**EXERCISE PROMPT:** Check every line of the entries for the string "subseteq" and return the ones that contain it.

[Dataset items]
━━━
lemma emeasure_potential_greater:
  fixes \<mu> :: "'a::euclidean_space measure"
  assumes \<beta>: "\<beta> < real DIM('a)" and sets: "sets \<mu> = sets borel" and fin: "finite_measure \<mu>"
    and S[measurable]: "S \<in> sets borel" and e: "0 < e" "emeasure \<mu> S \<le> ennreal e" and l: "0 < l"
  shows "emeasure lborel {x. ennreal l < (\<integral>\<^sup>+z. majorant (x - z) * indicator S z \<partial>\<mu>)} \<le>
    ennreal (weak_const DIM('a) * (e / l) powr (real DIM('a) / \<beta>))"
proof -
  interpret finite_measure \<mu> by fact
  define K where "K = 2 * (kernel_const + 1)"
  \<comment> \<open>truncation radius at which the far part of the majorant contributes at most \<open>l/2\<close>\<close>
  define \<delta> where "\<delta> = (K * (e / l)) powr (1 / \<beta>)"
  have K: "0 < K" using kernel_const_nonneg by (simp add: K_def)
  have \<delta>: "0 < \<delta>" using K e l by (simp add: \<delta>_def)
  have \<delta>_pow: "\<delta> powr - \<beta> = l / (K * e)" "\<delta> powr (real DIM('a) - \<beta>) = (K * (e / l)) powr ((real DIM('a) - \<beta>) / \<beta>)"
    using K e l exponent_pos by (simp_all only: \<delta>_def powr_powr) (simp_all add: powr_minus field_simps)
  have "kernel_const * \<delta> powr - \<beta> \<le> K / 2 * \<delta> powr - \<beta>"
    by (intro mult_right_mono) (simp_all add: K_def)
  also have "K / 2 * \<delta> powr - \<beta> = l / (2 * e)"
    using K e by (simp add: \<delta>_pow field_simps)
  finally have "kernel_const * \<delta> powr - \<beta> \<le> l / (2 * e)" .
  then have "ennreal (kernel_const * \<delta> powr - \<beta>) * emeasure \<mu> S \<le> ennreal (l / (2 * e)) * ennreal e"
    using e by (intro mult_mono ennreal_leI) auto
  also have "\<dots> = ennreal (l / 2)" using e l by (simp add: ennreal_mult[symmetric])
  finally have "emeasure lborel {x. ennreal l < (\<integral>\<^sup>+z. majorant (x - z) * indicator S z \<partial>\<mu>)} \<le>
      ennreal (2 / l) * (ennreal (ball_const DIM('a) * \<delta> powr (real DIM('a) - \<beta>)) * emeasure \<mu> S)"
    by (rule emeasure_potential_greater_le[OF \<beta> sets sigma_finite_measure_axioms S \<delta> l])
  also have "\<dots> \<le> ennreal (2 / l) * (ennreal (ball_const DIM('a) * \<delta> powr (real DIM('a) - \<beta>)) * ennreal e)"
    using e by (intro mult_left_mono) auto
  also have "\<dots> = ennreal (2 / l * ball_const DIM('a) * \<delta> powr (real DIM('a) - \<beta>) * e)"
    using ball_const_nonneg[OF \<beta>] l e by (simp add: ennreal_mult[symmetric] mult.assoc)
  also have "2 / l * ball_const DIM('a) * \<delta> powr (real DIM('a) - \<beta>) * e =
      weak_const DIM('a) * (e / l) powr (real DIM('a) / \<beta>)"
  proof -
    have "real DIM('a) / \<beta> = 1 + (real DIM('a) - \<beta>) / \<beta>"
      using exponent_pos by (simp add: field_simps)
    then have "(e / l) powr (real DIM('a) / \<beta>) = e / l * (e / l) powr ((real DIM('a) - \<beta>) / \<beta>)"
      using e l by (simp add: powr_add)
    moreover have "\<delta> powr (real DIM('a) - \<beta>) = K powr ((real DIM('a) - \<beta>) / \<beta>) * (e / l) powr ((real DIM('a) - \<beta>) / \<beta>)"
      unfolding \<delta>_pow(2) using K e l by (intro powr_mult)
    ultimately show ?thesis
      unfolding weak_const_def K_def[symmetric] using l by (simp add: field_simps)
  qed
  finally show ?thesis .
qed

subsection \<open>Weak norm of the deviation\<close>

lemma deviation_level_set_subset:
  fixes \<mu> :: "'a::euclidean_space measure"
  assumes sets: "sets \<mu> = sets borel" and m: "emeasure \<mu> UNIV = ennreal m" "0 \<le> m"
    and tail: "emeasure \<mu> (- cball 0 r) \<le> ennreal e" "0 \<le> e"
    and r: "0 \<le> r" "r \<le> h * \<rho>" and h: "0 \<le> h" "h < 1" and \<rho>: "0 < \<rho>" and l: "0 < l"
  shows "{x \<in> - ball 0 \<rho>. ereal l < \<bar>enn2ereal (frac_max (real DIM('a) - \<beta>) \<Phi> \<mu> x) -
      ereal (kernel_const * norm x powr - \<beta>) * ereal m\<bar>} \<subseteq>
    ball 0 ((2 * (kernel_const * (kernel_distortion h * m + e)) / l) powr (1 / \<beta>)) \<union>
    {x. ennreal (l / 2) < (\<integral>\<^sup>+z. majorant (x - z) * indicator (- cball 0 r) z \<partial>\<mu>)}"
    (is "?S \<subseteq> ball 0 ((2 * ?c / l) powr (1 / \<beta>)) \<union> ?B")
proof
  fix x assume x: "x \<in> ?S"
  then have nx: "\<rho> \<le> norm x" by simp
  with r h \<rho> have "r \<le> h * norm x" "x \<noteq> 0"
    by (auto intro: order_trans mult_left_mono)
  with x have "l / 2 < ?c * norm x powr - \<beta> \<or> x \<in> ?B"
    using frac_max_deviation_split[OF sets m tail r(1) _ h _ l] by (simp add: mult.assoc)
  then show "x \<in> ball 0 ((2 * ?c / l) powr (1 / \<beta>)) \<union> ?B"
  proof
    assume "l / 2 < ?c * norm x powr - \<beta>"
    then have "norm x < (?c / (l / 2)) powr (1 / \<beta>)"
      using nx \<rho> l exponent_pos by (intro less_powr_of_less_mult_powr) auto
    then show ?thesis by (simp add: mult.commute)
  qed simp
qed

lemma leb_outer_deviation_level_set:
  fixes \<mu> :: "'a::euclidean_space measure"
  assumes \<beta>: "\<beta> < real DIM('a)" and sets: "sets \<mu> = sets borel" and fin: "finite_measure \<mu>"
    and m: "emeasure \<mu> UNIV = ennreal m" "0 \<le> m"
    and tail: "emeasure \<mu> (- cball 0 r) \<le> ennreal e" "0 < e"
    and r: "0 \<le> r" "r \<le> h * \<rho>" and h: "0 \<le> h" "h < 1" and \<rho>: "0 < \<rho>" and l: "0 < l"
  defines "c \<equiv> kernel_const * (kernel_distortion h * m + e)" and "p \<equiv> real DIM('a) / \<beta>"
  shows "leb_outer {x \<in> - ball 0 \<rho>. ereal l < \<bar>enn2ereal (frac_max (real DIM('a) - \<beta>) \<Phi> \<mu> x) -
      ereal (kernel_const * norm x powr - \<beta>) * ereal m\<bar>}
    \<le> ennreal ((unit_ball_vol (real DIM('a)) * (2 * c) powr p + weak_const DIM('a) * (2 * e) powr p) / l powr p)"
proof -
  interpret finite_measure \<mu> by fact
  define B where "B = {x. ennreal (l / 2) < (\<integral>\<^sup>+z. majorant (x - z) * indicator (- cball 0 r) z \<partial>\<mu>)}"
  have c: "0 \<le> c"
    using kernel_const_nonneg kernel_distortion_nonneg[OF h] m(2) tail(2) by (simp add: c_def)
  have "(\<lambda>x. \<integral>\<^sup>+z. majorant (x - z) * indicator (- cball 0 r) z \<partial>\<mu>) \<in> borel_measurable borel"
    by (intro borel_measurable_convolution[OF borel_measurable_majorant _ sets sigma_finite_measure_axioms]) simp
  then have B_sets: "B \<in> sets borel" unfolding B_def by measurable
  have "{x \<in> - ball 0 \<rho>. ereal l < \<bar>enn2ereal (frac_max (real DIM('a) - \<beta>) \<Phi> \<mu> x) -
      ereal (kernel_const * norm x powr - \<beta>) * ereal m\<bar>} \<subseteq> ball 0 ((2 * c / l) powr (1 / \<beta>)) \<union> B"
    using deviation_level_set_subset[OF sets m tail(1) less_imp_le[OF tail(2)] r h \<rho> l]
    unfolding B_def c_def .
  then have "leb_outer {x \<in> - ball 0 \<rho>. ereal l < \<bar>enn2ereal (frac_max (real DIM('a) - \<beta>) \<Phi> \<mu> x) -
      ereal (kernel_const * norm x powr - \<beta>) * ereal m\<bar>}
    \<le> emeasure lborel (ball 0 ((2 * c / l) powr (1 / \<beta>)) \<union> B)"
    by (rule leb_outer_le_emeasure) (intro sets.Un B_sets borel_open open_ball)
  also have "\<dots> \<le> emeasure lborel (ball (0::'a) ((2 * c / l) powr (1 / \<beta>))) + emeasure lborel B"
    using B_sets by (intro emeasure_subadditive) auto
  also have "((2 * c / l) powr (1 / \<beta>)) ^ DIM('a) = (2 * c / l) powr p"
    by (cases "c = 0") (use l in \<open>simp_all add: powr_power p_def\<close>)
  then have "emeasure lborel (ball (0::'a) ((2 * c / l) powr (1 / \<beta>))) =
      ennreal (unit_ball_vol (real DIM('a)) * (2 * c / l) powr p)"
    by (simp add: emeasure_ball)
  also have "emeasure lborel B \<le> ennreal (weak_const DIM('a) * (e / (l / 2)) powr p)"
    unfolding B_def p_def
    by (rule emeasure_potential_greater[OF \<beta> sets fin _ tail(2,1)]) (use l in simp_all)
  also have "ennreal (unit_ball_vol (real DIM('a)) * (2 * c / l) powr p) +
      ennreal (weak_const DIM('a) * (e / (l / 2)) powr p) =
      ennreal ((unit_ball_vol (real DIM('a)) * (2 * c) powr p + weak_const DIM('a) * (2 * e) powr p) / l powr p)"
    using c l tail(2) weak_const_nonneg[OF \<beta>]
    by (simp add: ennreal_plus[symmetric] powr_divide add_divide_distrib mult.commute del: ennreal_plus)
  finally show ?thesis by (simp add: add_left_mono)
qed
━━━
**TASK RESPONSE:**
      ereal (kernel_const * norm x powr - \<beta>) * ereal m\<bar>} \<subseteq>
    (is "?S \<subseteq> ball 0 ((2 * ?c / l) powr (1 / \<beta>)) \<union> ?B")
      ereal (kernel_const * norm x powr - \<beta>) * ereal m\<bar>} \<subseteq> ball 0 ((2 * c / l) powr (1 / \<beta>)) \<union> B"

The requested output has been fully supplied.